▸ **Required work**
Whenever a line of the material contains the string "proof", it should be copied.

▸ **Working data**

lemma convex: "convex_on {0..1} f"
proof (rule convex_on_linorderI)
  fix t x y :: real assume t: "0 < t" "t < 1" and x: "x \<in> {0..1}" and y: "y \<in> {0..1}" and "x < y"
  then have y': "y \<in> {0<..1}" by auto
  let ?g = "\<lambda>x. f ((1 - t) * x + t * y) - ((1 - t) * f x + t * f y)"
  have g_nonpos: "?g x' \<le> 0" if "x' \<in> {0<..1}" for x'
    using convex_onD[OF convex_on_half_open, of t x' y] t that y' by simp
  have "?g x \<le> 0"
  proof (cases "x = 0")
    case True
    have "continuous_on {0..1} (\<lambda>x. f ((1 - t) * x + t * y))"
    proof (rule continuous_on_compose2[OF continuous])
      have "(1 - t) * x' + t * y \<le> (1 - t) * 1 + t * 1" if "x' \<in> {0..1}" for x'
        using t y that by (intro add_mono mult_left_mono) auto
      then show "(\<lambda>x. (1 - t) * x + t * y) ` {0..1} \<subseteq> {0..1}"
        using t y by auto
    qed (intro continuous_intros)
    then have "continuous_on {0..1} ?g" by (intro continuous_intros continuous)
    then show ?thesis using True g_nonpos nonpos_at_left_endpoint[of 0 1 ?g] by simp
  qed (use g_nonpos x in auto)
  then show "f ((1 - t) *\<^sub>R x + t *\<^sub>R y) \<le> (1 - t) * f x + t * f y" by simp
qed simp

▸ **Problem solution**
proof (rule convex_on_linorderI)
  proof (cases "x = 0")
    proof (rule continuous_on_compose2[OF continuous])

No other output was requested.